The structure that holds the ride is made of glass panes, metal and spirals in the shape of a conch, emphasizing the nautical theme and mimicking the rotation of the ride. Creating music for such an odd space was "a huge challenge," Zambetti says. Each song had to have as many as 80 different tracks, with different mixes for the room sound system and the speakers inside the fish.
Zambetti recorded the music at his studio at SiriusXM, where he composes for radio shows. Among the live musicians were his daughters, 15 and 11, and his wife, who is classically trained.
The finished songs incorporate "Aquarium" by Camille Saint-Saëns; Symphony No. 40 in G minor by Mozart; "Daphnis et Chloé," Suite No. 2, by Maurice Ravel; "Dance of the Knights" from "Romeo and Juliet" by Sergei Prokofiev; and "La Mer" by Claude Debussy.
Zambetti, Price and George Tsypin, who designed the space and previously worked on The Little Mermaid and Spider-Man: Turn Off the Dark on Broadway as well as the 2014 Sochi Olympics, wanted pieces from the classical music canon that would match the ride's underwater theme. "I wanted the story—which piece was a descent, an exploration and an ascent," Price says, while conceding, "It doesn't mean I'm a big Mozart fan."
"The concept was to introduce famous classical melodies to the kids, and in a fashion that they might be more open to," Zambetti says. For Saint-Saëns, he brought in aspects of electronic dance music. For Mozart, he did world music, while for the others he did jazz and rock and roll.

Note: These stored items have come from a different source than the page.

(* Let $A, M, F \in \mathbb{C}^{n\times n}$ with $M$ and $F$ nonsingular, and let $I$ be the $n\times n$ identity matrix. Suppose $A$ is an $\mathsf H$-matrix and \[ \langle M\rangle - |M - A| = \langle A\rangle, \qquad \langle F\rangle - |F - A| = \langle A\rangle. \] Then \[ \rho\left(\left| I - F^{-1}(M + F - A) M^{-1} A \right|\right) < 1. \]
   Context: For a matrix $\mathcal A$, $|\mathcal A|$ denotes the entrywise absolute value (modulus) and $\rho(\mathcal A)$ its spectral radius. Comparisons between matrices are entrywise. A square real matrix $\mathcal A$ is an $\mathsf M$-matrix if there exists $\alpha\in\mathbb R$ with $\alpha I - \mathcal A \ge 0$ (entrywise) and $\alpha > \rho(\alpha I - \mathcal A)$. The comparison matrix $\langle \mathcal A\rangle$ of a square matrix $\mathcal A$ is defined by $\langle \mathcal A\rangle_{i,i} := |\mathcal A_{i,i}|$ and $\langle \mathcal A\rangle_{i,j} := -|\mathcal A_{i,j}|$ for $i\ne j$. A square matrix $\mathcal A$ is an $\mathsf H$-matrix if its comparison matrix $\langle\mathcal A\rangle$ is an $\mathsf M$-matrix. *)

theory Defs
  imports "Jordan_Normal_Form.Spectral_Radius" "Jordan_Normal_Form.Gauss_Jordan_Elimination"
begin

definition cabs_mat :: "complex mat \<Rightarrow> real mat" where
  "cabs_mat A = map_mat cmod A"

definition comparison_mat :: "complex mat \<Rightarrow> real mat" where
  "comparison_mat A = mat (dim_row A) (dim_col A)
     (\<lambda>(i,j). if i = j then cmod (A $$ (i,j)) else - cmod (A $$ (i,j)))"

definition rho_real :: "real mat \<Rightarrow> real" where
  "rho_real B = spectral_radius (map_mat complex_of_real B)"

definition nonneg_mat :: "real mat \<Rightarrow> bool" where
  "nonneg_mat B \<longleftrightarrow> (\<forall>i < dim_row B. \<forall>j < dim_col B. 0 \<le> B $$ (i,j))"

definition M_matrix :: "real mat \<Rightarrow> bool" where
  "M_matrix B \<longleftrightarrow> square_mat B \<and>
     (\<exists>\<alpha>::real. nonneg_mat (\<alpha> \<cdot>\<^sub>m 1\<^sub>m (dim_row B) - B) \<and>
                 \<alpha> > rho_real (\<alpha> \<cdot>\<^sub>m 1\<^sub>m (dim_row B) - B))"

definition H_matrix :: "complex mat \<Rightarrow> bool" where
  "H_matrix A \<longleftrightarrow> M_matrix (comparison_mat A)"

end

theory Submission
  imports Defs
begin

(* Since <A> is an M-matrix, a truncated Neumann series gives u > 0 with <A> u > 0. In the
   weighted max-norm |x|_u = max_j |x_j| / u_j each factor T = I - M^-1 A is a contraction:
   M (T x) = (M - A) x, and comparing both sides in a row i where |(T x)_i| / u_i is maximal
   gives |T x|_u <= c |x|_u with c = max_i (|M - A| u)_i / (<M> u)_i, which is < 1 because
   <M> u = |M - A| u + <A> u. The matrix of the theorem equals (I - F^-1 A) (I - M^-1 A), so it
   contracts with factor c_F c_M < 1. Testing a contraction P on x_j = u_j conj (sgn P_ij) gives
   |P| u <= c u, and such a positive vector bounds every eigenvalue of |P| by c. *)

lemma mult_mat_vec_index_sum:
  assumes "A \<in> carrier_mat m n" "v \<in> carrier_vec n" "i < m"
  shows "(A *\<^sub>v v) $ i = (\<Sum>j<n. A $$ (i,j) * v $ j)"
  using assms by (auto simp: scalar_prod_def lessThan_atLeast0 intro!: sum.cong)
(* Consider the downlink clustered NOMA model and the problems $\mathcal{P}_1'$ and $\mathcal{P}_2'$ with Lagrangians $f$ and $g$ described in the context. Fix a precoder $\mathbf{P}^\star$, and choose the weights in $\mathcal{P}_2'$ as $$b_{k,i\to l}=\frac{1}{\varepsilon^{mmse}_{k,i\to l}}\quad\text{(evaluated at } \mathbf{P}^\star\text{)},\qquad 1\le l\le i\le L,\ 1\le k\le K,$$ and the thresholds as $\xi^{th}_{k,l}=1-R^{th}_{k,l}$. Then $\xi^{mmse}_{k,i\to l}=1-R_{k,i\to l}$ at $\mathbf{P}^\star$ for all $k$ and all $1\le l\le i\le L$. Moreover, $(\mathbf{P}^\star,\{R^\star_{k,l}\},c^\star,\mu,\kappa,\psi,\lambda)$ satisfies the KKT conditions of $\mathcal{P}_1'$ if and only if $(\mathbf{P}^\star,\{\xi^\star_{k,l}=1-R^\star_{k,l}\},\bar c^\star=L-c^\star,\bar\mu=\mu,\bar\kappa=\kappa,\bar\psi=\psi,\bar\lambda=\lambda)$ satisfies the KKT conditions of $\mathcal{P}_2'$. Consequently, the optimal precoders of the max-min fair sum rate problem $\mathcal{P}_1'$ and of the min-max fair weighted MMSE problem $\mathcal{P}_2'$ coincide at the optimal solution point.
   Context: A base station with $M$ antennas serves $K$ clusters of $L$ single-antenna users each. User $i$ of cluster $k$ has channel row vector $\mathbf{h}_{k,i}\in\mathbb{C}^{1\times M}$. Power fractions satisfy $\alpha_{k,l}>0$, $\sum_{l=1}^L\alpha_{k,l}=1$. The precoder is $\mathbf{P}=[\mathbf{p}_1,\dots,\mathbf{p}_K]\in\mathbb{C}^{M\times K}$ with total power budget $E_{tx}>0$. For $1\le l\le i\le L$ define $r_{k,i\to l}=\sum_{j=l+1}^{L}\alpha_{k,j}|\mathbf{h}_{k,i}\mathbf{p}_k|^2+\sum_{t\ne k}|\mathbf{h}_{k,i}\mathbf{p}_t|^2+1$, $R_{k,i\to l}=\log\big(1+\alpha_{k,l}|\mathbf{h}_{k,i}\mathbf{p}_k|^2 r_{k,i\to l}^{-1}\big)$, $\varepsilon^{mmse}_{k,i\to l}=\big(\alpha_{k,l}^{-1}+|\mathbf{h}_{k,i}\mathbf{p}_k|^2 r_{k,i\to l}^{-1}\big)^{-1}$ (so that $R_{k,i\to l}=\log(\alpha_{k,l}/\varepsilon^{mmse}_{k,i\to l})$), and, for given weights $b_{k,i\to l}>0$, $\xi^{mmse}_{k,i\to l}=b_{k,i\to l}\varepsilon^{mmse}_{k,i\to l}-\log(\alpha_{k,l}b_{k,i\to l})$. Problem $\mathcal{P}_1'$: maximize $c$ over $\mathbf{P}$, $\{R_{k,l}\}$, $c$ subject to $c\le\sum_{l=1}^L R_{k,l}$ for all $k$; $R_{k,l}\le R_{k,i\to l}$ for all $k$ and $l\le i\le L$; $R^{th}_{k,l}\le R_{k,l}$ for all $k,l$ (given thresholds $R^{th}_{k,l}\ge0$); $\mathrm{Tr}(\mathbf{P}\mathbf{P}^H)\le E_{tx}$. Its Lagrangian is $f=-c+\sum_k\mu_k c-\sum_{k,l}\mu_k R_{k,l}+\sum_{k,l}\kappa_{k,l}(R^{th}_{k,l}-R_{k,l})+\lambda(\mathrm{Tr}(\mathbf{P}\mathbf{P}^H)-E_{tx})+\sum_{k}\sum_{l=1}^L\sum_{i=l}^L\psi_{k,i\to l}(R_{k,l}-R_{k,i\to l})$. Problem $\mathcal{P}_2'$ (weights $b_{k,i\to l}>0$ treated as fixed constants): minimize $\bar c$ over $\mathbf{P}$, $\{\xi_{k,l}\}$, $\bar c$ subject to $\sum_{l=1}^L\xi_{k,l}\le\bar c$ for all $k$; $\xi^{mmse}_{k,i\to l}\le\xi_{k,l}$ for all $k$ and $l\le i\le L$; $\xi_{k,l}\le\xi^{th}_{k,l}$ for all $k,l$; $\mathrm{Tr}(\mathbf{P}\mathbf{P}^H)\le E_{tx}$. Its Lagrangian is $g=\bar c-\sum_k\bar\mu_k\bar c+\sum_{k,l}\bar\mu_k\xi_{k,l}+\sum_{k,l}\bar\kappa_{k,l}(\xi_{k,l}-\xi^{th}_{k,l})+\bar\lambda(\mathrm{Tr}(\mathbf{P}\mathbf{P}^H)-E_{tx})+\sum_k\sum_{l=1}^L\sum_{i=l}^L\bar\psi_{k,i\to l}(\xi^{mmse}_{k,i\to l}-\xi_{k,l})$. KKT conditions: stationarity of the Lagrangian with respect to each $\mathbf{p}_k$ (complex gradient taken with respect to $\mathbf{p}_k^*$), with respect to the auxiliary scalar ($c$ or $\bar c$) and with respect to each $R_{k,l}$ (resp. $\xi_{k,l}$); primal feasibility; nonnegativity of all multipliers; and complementary slackness for every constraint. *)

theory Defs
  imports "HOL-Analysis.Analysis"
begin

(* Antenna index type 'm (finite, M = CARD('m)); clusters k \<in> {1..K}; users l \<in> {1..L}.
   Channels h k i :: complex^'m (row vector h_{k,i}); precoder P k :: complex^'m (column p_k).
   Triple-indexed quantities x_{k,i\<rightarrow>l} are written  x k i l. *)

definition hp :: "complex^'m \<Rightarrow> complex^'m \<Rightarrow> complex" where
  "hp hv pv = (\<Sum>j\<in>UNIV. hv$j * pv$j)"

"The music isn't underscoring. The music is the story," he says. "If you take the music out, this is an amazing event, but after 30 seconds you realize you're in a thing going up and down and spinning around. But the music takes you on the journey."
Price agrees. "It was all about the music. The drama is the music. The lighting is scored to the music, the motion is created to the music. The interior lighting of the fish, all of that is driven by the passion, the motion, the arc of the music," she says. "It booms and then it just socks you."